[[ Input data open ]]

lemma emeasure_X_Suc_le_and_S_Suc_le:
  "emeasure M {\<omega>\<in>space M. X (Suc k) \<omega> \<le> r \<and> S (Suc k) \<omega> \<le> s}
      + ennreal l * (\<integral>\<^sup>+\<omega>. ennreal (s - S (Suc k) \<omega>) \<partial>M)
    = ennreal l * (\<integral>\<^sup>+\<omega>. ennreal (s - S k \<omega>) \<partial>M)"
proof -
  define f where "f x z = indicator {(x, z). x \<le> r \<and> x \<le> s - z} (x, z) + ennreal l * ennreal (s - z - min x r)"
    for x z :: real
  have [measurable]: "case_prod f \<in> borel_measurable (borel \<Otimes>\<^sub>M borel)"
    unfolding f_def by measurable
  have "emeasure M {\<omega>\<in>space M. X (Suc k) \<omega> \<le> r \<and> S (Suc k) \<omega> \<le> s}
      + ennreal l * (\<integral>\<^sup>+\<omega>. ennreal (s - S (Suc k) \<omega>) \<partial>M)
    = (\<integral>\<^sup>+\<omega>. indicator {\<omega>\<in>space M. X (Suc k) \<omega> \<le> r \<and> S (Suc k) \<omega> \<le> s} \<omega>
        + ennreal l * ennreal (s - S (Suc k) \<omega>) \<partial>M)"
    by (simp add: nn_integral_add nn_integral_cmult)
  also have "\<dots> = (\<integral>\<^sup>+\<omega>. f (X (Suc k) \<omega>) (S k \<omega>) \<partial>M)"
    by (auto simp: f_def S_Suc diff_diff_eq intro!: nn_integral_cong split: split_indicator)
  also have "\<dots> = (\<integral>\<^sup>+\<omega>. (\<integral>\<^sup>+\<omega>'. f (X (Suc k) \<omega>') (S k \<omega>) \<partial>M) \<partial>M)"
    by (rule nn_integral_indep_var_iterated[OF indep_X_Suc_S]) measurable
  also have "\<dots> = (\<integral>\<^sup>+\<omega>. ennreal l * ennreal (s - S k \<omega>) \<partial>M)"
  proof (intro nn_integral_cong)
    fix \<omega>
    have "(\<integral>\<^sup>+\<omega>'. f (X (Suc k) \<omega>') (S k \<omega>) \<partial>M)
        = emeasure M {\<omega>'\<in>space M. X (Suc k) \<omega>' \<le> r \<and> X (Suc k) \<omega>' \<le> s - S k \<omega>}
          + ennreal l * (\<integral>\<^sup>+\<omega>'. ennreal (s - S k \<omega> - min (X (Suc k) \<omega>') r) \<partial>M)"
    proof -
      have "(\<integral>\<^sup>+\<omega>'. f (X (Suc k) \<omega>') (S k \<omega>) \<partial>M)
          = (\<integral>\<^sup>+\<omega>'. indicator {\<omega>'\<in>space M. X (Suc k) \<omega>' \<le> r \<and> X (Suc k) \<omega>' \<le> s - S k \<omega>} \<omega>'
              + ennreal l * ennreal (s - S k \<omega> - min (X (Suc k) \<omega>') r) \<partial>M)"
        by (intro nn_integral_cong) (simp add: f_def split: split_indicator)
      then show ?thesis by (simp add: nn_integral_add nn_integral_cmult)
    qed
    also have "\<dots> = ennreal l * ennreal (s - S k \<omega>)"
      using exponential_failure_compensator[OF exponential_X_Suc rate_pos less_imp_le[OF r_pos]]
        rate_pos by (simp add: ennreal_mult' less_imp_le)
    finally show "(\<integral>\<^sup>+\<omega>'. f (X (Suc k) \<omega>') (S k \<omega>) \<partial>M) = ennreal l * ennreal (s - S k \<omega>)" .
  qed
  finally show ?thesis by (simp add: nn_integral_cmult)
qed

[[ Input data closed ]]
[[ Input data open ]]

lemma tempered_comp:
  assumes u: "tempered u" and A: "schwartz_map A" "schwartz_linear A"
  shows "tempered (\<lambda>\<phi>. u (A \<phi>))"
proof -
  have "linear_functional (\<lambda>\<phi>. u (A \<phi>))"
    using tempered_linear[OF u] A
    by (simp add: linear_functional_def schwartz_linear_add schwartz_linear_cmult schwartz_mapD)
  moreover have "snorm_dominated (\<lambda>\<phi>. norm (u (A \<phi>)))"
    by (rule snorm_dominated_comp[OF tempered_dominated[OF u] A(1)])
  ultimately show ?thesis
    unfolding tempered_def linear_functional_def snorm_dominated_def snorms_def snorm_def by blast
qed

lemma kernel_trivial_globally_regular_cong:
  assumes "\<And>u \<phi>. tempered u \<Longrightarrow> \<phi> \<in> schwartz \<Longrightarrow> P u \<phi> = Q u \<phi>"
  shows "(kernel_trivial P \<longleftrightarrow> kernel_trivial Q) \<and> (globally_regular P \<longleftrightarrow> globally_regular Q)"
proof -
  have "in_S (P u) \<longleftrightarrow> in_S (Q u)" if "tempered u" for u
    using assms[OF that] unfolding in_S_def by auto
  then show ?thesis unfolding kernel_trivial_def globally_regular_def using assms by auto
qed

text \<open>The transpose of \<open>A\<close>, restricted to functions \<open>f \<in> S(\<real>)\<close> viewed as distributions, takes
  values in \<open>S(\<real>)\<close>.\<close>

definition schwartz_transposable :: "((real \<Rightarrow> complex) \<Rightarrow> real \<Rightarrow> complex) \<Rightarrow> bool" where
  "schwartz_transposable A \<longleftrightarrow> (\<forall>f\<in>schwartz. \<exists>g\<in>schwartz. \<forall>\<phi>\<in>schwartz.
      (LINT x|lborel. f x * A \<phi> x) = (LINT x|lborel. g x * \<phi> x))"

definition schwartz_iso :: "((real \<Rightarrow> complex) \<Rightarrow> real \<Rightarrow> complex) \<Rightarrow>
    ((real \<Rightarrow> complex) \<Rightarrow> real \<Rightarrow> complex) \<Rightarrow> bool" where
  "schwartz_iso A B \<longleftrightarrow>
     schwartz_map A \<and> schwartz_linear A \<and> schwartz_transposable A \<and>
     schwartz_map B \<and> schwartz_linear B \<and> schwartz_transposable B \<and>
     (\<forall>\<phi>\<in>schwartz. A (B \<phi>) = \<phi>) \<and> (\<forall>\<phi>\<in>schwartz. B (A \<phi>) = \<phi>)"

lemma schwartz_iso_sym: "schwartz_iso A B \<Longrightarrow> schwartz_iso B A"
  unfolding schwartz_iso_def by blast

[[ Input data closed ]]
[[ Input data open ]]

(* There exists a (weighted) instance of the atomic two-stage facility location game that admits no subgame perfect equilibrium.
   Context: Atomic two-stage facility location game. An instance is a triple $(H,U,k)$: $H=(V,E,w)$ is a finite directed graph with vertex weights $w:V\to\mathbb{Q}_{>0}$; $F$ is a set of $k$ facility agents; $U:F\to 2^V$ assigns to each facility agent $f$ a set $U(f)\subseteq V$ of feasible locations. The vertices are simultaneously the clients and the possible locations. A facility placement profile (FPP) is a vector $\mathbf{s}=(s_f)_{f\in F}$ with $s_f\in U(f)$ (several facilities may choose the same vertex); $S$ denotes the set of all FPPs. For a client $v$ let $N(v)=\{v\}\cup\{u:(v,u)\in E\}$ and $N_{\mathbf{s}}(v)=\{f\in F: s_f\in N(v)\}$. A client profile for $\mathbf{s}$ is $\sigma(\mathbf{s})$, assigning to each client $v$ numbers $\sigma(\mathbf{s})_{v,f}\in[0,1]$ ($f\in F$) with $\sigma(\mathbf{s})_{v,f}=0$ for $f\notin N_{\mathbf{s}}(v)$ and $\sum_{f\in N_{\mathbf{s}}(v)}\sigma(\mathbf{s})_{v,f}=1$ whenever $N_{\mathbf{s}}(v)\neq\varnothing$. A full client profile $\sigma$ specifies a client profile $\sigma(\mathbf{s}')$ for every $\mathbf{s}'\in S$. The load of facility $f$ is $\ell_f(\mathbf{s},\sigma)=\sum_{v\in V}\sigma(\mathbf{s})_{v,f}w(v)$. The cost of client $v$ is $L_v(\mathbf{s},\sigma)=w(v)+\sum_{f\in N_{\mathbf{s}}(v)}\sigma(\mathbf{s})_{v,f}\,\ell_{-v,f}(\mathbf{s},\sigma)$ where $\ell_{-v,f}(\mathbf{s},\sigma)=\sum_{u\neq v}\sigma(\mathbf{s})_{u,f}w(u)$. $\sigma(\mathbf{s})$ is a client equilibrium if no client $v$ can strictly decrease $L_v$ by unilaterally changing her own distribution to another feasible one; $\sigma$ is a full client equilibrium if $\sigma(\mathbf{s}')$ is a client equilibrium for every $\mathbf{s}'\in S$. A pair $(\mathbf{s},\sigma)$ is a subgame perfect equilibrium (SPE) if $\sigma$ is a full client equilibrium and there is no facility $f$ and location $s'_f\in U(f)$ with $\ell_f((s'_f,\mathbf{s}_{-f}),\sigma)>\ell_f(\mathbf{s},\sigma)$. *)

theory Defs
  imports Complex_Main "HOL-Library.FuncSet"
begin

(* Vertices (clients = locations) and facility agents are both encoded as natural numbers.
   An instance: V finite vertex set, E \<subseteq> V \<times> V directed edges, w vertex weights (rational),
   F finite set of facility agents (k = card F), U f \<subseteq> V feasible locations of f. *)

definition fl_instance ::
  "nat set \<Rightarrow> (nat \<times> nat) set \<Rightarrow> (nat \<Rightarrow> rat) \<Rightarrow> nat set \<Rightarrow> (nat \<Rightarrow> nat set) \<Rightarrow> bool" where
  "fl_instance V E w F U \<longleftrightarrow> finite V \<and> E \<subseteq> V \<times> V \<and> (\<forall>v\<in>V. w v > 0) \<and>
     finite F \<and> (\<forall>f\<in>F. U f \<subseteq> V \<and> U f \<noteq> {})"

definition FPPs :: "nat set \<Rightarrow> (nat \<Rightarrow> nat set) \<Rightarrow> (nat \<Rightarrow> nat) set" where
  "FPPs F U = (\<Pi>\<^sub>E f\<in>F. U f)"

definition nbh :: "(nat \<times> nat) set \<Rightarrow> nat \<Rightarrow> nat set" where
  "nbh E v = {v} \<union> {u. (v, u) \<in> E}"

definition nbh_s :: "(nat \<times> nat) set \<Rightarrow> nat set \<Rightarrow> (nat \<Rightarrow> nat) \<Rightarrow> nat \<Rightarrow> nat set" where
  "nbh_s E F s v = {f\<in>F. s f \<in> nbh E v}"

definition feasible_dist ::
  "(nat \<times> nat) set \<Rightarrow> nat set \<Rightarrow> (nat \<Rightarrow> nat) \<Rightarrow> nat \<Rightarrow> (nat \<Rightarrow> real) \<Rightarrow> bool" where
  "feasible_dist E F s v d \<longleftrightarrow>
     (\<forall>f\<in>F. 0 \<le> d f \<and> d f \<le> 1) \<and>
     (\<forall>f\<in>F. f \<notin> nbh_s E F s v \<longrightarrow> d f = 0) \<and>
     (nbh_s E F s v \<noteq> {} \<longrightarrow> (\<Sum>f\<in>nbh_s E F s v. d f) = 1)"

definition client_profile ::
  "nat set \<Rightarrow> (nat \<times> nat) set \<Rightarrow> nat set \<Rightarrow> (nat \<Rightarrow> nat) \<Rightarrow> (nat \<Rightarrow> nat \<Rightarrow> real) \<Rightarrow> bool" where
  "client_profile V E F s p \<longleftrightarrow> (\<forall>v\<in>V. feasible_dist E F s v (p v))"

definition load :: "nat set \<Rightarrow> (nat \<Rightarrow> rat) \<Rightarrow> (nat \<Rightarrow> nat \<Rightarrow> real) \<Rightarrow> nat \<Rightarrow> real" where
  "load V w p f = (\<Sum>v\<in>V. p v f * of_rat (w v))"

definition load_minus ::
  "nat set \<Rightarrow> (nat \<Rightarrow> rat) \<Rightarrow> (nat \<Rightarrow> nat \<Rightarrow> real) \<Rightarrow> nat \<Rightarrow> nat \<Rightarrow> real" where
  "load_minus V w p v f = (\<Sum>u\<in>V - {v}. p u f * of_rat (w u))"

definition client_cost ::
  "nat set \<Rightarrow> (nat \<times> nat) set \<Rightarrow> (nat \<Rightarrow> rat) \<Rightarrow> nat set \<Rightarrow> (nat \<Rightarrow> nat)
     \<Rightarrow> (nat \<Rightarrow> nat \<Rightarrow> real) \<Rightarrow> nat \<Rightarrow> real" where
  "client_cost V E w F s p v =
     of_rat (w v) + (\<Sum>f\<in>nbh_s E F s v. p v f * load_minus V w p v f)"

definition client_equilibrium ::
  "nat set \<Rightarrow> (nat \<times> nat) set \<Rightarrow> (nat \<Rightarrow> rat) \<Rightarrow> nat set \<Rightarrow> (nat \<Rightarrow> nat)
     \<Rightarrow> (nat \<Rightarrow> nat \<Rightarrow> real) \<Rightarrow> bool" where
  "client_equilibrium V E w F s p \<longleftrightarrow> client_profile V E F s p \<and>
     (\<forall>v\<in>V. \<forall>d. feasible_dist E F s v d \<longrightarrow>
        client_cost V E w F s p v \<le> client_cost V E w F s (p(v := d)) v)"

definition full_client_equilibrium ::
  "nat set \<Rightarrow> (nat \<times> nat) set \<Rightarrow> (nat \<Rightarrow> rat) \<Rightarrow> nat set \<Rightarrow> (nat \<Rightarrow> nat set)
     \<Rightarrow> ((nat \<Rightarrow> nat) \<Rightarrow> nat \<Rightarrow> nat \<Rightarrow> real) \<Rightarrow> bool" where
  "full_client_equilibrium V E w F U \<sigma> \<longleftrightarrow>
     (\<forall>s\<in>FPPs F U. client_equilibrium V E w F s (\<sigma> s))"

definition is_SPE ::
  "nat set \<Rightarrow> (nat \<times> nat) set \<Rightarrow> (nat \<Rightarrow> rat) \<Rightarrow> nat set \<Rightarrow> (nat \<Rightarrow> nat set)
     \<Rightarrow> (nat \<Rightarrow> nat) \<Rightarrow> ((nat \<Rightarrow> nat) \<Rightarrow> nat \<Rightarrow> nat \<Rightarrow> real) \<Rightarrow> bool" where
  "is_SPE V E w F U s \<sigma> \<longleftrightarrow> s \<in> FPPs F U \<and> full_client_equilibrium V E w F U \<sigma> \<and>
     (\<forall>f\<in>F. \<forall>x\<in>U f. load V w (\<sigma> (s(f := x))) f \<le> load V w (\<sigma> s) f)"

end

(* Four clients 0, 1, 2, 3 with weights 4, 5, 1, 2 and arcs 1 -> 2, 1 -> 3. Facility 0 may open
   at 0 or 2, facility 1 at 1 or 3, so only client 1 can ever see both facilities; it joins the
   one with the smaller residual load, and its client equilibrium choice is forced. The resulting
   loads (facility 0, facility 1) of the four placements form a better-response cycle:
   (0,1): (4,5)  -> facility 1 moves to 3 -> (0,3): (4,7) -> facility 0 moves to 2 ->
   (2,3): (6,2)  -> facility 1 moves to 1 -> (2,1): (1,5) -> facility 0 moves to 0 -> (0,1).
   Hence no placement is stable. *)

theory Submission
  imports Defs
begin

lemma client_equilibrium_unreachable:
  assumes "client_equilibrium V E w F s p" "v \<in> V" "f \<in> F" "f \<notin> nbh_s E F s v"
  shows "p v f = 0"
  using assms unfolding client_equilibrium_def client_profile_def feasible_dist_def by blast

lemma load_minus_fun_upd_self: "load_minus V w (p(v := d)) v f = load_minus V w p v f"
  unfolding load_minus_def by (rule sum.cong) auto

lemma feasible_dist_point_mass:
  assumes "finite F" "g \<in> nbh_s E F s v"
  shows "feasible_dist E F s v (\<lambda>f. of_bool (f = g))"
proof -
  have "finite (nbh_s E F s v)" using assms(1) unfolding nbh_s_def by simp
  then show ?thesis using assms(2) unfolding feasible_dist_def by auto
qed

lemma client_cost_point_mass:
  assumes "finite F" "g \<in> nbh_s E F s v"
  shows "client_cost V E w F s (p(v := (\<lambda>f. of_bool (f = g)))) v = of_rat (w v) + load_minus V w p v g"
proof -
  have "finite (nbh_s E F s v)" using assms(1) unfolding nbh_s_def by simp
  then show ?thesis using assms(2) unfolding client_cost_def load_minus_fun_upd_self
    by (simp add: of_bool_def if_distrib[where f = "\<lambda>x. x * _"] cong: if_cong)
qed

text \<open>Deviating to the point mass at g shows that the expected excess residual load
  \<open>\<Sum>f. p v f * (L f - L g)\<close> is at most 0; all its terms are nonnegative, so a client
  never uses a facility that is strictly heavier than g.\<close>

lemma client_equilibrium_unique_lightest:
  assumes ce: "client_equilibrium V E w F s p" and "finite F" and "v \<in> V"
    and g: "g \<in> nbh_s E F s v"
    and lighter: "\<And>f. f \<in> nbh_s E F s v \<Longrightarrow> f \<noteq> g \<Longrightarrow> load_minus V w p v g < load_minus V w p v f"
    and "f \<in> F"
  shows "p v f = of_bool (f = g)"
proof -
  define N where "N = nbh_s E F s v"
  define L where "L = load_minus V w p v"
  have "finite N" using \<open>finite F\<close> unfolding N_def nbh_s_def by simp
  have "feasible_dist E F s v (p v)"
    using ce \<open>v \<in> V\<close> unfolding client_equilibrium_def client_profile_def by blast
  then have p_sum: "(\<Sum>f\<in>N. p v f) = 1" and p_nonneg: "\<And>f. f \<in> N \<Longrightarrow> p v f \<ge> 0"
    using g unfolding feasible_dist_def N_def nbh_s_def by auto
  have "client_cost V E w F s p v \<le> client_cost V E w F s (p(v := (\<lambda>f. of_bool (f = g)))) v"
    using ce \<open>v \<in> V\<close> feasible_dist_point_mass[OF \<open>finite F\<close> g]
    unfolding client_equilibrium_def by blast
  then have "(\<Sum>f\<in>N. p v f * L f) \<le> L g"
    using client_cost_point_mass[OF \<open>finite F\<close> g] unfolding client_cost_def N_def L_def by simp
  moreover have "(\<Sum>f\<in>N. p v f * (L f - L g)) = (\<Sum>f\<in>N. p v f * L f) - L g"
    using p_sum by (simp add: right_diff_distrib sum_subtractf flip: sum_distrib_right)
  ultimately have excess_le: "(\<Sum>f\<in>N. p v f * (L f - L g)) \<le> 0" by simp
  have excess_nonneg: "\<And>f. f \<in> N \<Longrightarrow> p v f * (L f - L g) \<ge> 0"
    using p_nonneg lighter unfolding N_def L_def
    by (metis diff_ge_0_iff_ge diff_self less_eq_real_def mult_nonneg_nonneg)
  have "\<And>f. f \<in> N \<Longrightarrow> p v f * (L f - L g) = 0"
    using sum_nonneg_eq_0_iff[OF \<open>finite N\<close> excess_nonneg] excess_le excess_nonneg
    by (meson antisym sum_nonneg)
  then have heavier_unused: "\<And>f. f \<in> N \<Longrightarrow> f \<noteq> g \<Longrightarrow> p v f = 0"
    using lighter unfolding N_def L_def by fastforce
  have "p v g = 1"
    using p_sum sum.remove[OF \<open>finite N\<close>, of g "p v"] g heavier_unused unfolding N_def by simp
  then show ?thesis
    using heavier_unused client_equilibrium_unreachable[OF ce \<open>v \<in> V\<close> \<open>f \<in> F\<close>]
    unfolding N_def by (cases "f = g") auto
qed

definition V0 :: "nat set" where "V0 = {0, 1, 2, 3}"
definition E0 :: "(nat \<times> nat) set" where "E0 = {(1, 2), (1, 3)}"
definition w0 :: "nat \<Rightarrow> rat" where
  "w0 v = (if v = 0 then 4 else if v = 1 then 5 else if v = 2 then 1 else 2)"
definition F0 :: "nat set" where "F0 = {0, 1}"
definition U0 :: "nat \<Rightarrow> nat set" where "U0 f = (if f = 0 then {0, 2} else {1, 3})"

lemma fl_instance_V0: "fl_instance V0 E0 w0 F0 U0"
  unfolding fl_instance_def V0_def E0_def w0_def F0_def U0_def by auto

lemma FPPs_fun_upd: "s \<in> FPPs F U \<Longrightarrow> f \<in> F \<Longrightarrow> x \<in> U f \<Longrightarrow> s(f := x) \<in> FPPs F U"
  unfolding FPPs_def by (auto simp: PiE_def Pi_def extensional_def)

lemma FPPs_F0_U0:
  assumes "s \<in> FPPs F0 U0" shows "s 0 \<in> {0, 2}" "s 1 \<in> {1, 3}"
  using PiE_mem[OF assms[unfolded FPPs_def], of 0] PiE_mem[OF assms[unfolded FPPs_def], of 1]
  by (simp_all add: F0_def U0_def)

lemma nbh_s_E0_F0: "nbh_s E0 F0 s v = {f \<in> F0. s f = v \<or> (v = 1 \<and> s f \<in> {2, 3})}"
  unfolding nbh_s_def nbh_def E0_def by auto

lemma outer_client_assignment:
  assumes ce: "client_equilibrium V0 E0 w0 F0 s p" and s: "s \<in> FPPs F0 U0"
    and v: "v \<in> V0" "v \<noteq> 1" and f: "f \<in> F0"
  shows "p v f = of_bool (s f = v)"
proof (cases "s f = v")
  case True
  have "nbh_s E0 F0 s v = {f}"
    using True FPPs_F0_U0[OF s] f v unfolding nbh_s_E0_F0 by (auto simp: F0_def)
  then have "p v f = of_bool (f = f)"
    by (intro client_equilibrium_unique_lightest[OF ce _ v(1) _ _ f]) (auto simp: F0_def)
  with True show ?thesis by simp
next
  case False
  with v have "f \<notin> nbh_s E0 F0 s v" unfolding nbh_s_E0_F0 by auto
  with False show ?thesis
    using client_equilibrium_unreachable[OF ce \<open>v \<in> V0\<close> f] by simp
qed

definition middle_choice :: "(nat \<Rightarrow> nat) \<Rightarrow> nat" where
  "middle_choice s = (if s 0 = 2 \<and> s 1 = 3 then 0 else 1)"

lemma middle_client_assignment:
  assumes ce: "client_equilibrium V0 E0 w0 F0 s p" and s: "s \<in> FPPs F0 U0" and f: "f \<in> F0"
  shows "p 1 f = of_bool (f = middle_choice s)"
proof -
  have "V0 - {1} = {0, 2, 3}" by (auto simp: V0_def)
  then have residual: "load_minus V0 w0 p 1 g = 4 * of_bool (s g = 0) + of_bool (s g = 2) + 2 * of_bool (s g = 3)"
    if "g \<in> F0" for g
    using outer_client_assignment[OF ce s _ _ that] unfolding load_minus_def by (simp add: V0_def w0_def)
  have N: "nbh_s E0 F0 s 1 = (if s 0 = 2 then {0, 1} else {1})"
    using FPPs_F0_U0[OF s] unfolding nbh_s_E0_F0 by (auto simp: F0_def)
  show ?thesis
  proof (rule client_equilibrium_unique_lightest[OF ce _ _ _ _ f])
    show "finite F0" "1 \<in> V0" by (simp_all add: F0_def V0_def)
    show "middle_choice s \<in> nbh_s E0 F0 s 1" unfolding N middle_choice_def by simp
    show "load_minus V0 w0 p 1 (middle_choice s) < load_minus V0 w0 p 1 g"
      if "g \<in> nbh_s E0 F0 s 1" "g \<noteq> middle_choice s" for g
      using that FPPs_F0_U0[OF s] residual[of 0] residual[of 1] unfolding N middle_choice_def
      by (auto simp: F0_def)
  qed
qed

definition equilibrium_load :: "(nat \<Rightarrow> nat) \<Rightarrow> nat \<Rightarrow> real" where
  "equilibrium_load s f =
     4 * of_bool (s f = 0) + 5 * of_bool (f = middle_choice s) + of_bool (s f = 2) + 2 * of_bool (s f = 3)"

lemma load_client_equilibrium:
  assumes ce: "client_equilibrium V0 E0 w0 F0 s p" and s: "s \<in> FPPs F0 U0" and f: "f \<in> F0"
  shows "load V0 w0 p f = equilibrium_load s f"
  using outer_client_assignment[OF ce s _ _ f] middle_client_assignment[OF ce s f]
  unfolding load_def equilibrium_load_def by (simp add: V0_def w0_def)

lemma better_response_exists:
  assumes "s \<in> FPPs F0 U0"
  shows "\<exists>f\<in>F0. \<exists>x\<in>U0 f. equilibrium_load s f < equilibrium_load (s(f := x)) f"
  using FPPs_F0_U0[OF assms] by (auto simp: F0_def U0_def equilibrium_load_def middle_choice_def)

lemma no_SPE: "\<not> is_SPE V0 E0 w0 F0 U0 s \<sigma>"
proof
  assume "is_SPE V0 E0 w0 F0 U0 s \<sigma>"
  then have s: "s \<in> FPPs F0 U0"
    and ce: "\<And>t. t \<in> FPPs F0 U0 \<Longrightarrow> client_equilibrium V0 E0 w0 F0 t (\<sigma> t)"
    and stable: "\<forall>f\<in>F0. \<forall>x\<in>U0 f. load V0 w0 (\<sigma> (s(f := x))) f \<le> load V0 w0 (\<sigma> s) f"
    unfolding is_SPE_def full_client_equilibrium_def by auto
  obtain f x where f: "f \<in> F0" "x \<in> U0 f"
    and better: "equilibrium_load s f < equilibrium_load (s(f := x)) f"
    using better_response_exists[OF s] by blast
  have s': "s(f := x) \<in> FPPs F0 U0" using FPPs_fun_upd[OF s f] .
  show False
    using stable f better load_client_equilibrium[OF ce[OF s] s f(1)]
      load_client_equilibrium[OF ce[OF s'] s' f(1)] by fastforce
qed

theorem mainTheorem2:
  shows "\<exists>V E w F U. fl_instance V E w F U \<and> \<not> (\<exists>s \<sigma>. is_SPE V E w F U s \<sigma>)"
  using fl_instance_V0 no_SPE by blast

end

[[ Input data closed ]]

> [Try it]: Your answer must be the lines above from the one containing "using assms[OF that]" to the one containing "A B \<longleftrightarrow>", both included, restated word for word.

> [Response to this task]:
    using assms[OF that] unfolding in_S_def by auto
  then show ?thesis unfolding kernel_trivial_def globally_regular_def using assms by auto
qed

text \<open>The transpose of \<open>A\<close>, restricted to functions \<open>f \<in> S(\<real>)\<close> viewed as distributions, takes
  values in \<open>S(\<real>)\<close>.\<close>

definition schwartz_transposable :: "((real \<Rightarrow> complex) \<Rightarrow> real \<Rightarrow> complex) \<Rightarrow> bool" where
  "schwartz_transposable A \<longleftrightarrow> (\<forall>f\<in>schwartz. \<exists>g\<in>schwartz. \<forall>\<phi>\<in>schwartz.
      (LINT x|lborel. f x * A \<phi> x) = (LINT x|lborel. g x * \<phi> x))"

definition schwartz_iso :: "((real \<Rightarrow> complex) \<Rightarrow> real \<Rightarrow> complex) \<Rightarrow>
    ((real \<Rightarrow> complex) \<Rightarrow> real \<Rightarrow> complex) \<Rightarrow> bool" where
  "schwartz_iso A B \<longleftrightarrow>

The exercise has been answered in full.